В это время Равана держал совет со своими министрами. Он обратился к ним с такими словами: “В этот день многие ракшасы сложили свои головы в битве с ванарами. Нам необходимо выработать дальнейшую стратегию, каким образом расправиться с врагом.” Тут поднялся старый Мальявантха, министр, служивший еще при дворе отца Раваны и приходящийся отцом матери Раваны. Его советы и назидания всегда были направлены на выбор правильного и честного пути. “Равана! - проникновенно начал он свою речь, - постарайся спокойно выслушать мои слова. Прости мне мою прямоту и откровенность. С тех пор, как ты привез сюда Ситу, нас преследуют дурные знамения. Сейчас нет возможности описывать их в деталях. Даже Веды бессильны оценить в полной мере и достойно воспеть славу Рамы, Всевышнего.

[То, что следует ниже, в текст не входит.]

lemma test_metric_le_cdist: "test_metric z z' \<le> N * of_int Q * cdist z z'"
proof -
  have c: "0 \<le> cdist z z'" by (rule cdist_nonneg)
  have "cdist z z' \<le> N * of_int Q * cdist z z'"
    using mult_right_mono[OF N_Q_ge_1 c] by simp
  moreover have "N * freq_dist z z' \<le> (real m + 2) * (N * of_int Q * cdist z z')"
  proof -
    have "N * freq_dist z z' \<le> N * ((real m + 1) * of_int Q * cdist z z')"
      using mult_left_mono[OF freq_dist_le_cdist] N_pos by simp
    also have "\<dots> \<le> (real m + 2) * (N * of_int Q * cdist z z')"
      using N_pos Q_pos c by (simp add: mult_right_mono algebra_simps)
    finally show ?thesis .
  qed
  ultimately show ?thesis
    unfolding test_metric_def by (simp add: pos_divide_le_eq mult.commute)
qed

lemma warp_admissible_test_metric: "warp_admissible m \<alpha> (N * of_int Q) test_metric"
  unfolding warp_admissible_def
proof (intro conjI metric_on_test_metric ballI allI impI)
  fix z z' show "test_metric z z' \<le> N * of_int Q * cdist z z'" by (rule test_metric_le_cdist)
next
  fix z j assume j: "j < m"
  have "cdist z z' \<le> 1" for z' using cdist_le_half[of z z'] by linarith
  then show "test_metric z (frac (z + \<alpha> j)) \<le> 1" "test_metric z (frac (z - \<alpha> j)) \<le> 1"
    using N_freq_dist_rotation_le[OF j, of z] unfolding test_metric_def by (simp_all add: pos_divide_le_eq)
qed

lemma freq_dist_le_warped_dist:
  assumes "x \<in> circle" "y \<in> circle"
  shows "N * freq_dist x y \<le> (real m + 2) * warped_dist m \<alpha> (N * of_int Q) x y"
proof -
  have "N * freq_dist x y / (real m + 2) \<le> test_metric x y" unfolding test_metric_def by simp
  also have "\<dots> \<le> warped_dist m \<alpha> (N * of_int Q) x y"
    by (rule warp_admissible_le_warped_dist[OF warp_admissible_test_metric assms])
  finally show ?thesis by (simp add: pos_divide_le_eq mult.commute)
qed

text \<open>
  Coefficients \<open>g\<^sub>j \<equiv> inv_mod j \<cdot> round (Q W)\<close> (mod \<open>D\<^sub>j\<close>), reduced to \<open>|g\<^sub>j| \<le> D\<^sub>j/2\<close>, for which
  \<open>\<Sum>\<^sub>j g\<^sub>j c\<^sub>j/D\<^sub>j \<equiv> round (Q W)/Q\<close> mod 1 by the Chinese remainder theorem.
\<close>

definition word :: "real \<Rightarrow> nat \<Rightarrow> int" where
  "word W j = inv_mod j * round (of_int Q * W)
     - D j * round (of_int (inv_mod j * round (of_int Q * W)) / of_int (D j) :: real)"

lemma D_dvd_diff_combination:
  assumes j: "j < m" and g: "D j dvd g j - inv_mod j * A"
  shows "D j dvd A - (\<Sum>k<m. g k * cofactor k * c k)"
proof -
  obtain r where "g j - inv_mod j * A = D j * r" using g by blast
  then have r: "g j = inv_mod j * A + D j * r" by simp
  obtain v where "inv_mod j * (cofactor j * c j) - 1 = D j * v" using inv_mod_dvd[OF j] by blast
  then have v: "inv_mod j * (cofactor j * c j) = 1 + D j * v" by simp
  have "A - g j * cofactor j * c j = A - A * (inv_mod j * (cofactor j * c j)) - D j * r * cofactor j * c j"
    unfolding r by (simp add: algebra_simps)
  also have "\<dots> = D j * (- r * cofactor j * c j - A * v)"
    unfolding v by (simp add: algebra_simps)
  finally have "D j dvd A - g j * cofactor j * c j" by simp
  moreover have "D j dvd (\<Sum>k\<in>{..<m}-{j}. g k * cofactor k * c k)"
    by (rule dvd_sum) (use D_dvd_cofactor[OF j] in auto)
  ultimately have "D j dvd (A - g j * cofactor j * c j) - (\<Sum>k\<in>{..<m}-{j}. g k * cofactor k * c k)"
    by (rule dvd_diff)
  moreover have "(\<Sum>k<m. g k * cofactor k * c k) = g j * cofactor j * c j + (\<Sum>k\<in>{..<m}-{j}. g k * cofactor k * c k)"
    using j by (intro sum.remove) auto
  ultimately show ?thesis by (simp add: algebra_simps)
qed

Бросая вызов самой Вселенской Сущности, самому Вират Пуруше, ты не добьешься ни милости, ни добра, ни славы. Тебе необходимо поразмыслить над этим в спокойствии. Рама - герой, сокрушивший демонов Хираньякашипу и Хираньякшу. Он - вместилище всех добродетелей. Не расти в своем сердце ненависть к Нему. О Правитель! Умоляю тебя, спаси Ланку! Верни Ситу Раме. Не медли и не упорствуй! Сдаться Раме, не теряя ни единой минуты - твое единственное спасение.” Произнеся свою речь, Мальявантха склонил голову в знак почтения и послушания правителю. Но его слова рассердили Равану. Он вновь пришел в бешенство и накинулся на Мальявантху: “Похоже, тебе вскоре суждено исчезнуть в пасти смерти. Только уважение к твоим сединам вынуждает меня простить тебя, а иначе я немедленно разрубил бы тебя на куски. Берегись! Встань и скройся с моих глаз.” Равана шипел, как разозленная змея. Мальявантха сильно опечалился, ибо понял, как близок конец Раваны. Он горько усмехнулся про себя, видя, какие непреодолимые упрямство и невежество ослепили Равану. Он с грустью осознал, что только приговор судьбы, определивший конец земного пути Раваны, заставляет его действовать столь глупо и неразумно и принимать губительные решения, отбрасывая все советы, призывающие его спасти себя и свою державу.
Стоило старому министру удалиться, поднялся Меганада и сказал: “Отец! Не поддавайся сомнениям. Завтра утром ты станешь свидетелем моей ратной доблести. Ты убедишься, что на деле я способен на большее, чем на словах.” Его уверенность несколько успокоила Равану и усмирила его гнев. Он снова ощутил радостную надежду, и мужество вернулось к нему. Он обнял и приласкал сына, нежно прижав его к своей груди. Он гладил его по голове и перед всеми присутствующими восхвалял героизм и храбрость Меганады. Равана распустил совет около полуночи. Участники поспешили в свои жилища, но никому из них не удалось сомкнуть глаз в эту ночь, и никто из них не притронулся к пище. Их снедали ужас и тревога от предчувствия бедствия, которое в любой момент могло обрушиться на них. В таком плачевном состоянии и застал их рассвет, забрезживший на востоке. Город со всех сторон был окружен медведями и обезьянами. Их рев, как гром, сотрясал небо над столицей, порождая всеобщее смятение и панику. Воинам-ракшасам ничего не оставалось, как вновь схватиться за оружие, чтобы дать отпор врагу. Град каменных глыб, огромных скал и холмов обрушился на город со стен крепости, захваченной ванарами, и миллионы ракшасов яростно отбивались от них потоком стрел и других орудий. Их дикие вопли, бое вые кличи и завывания раскалывали небо на куски, словно настал судный день. Но летевшие сверху обломки скал и вершины холмов превращали орды ракшасов в бесформенное месиво.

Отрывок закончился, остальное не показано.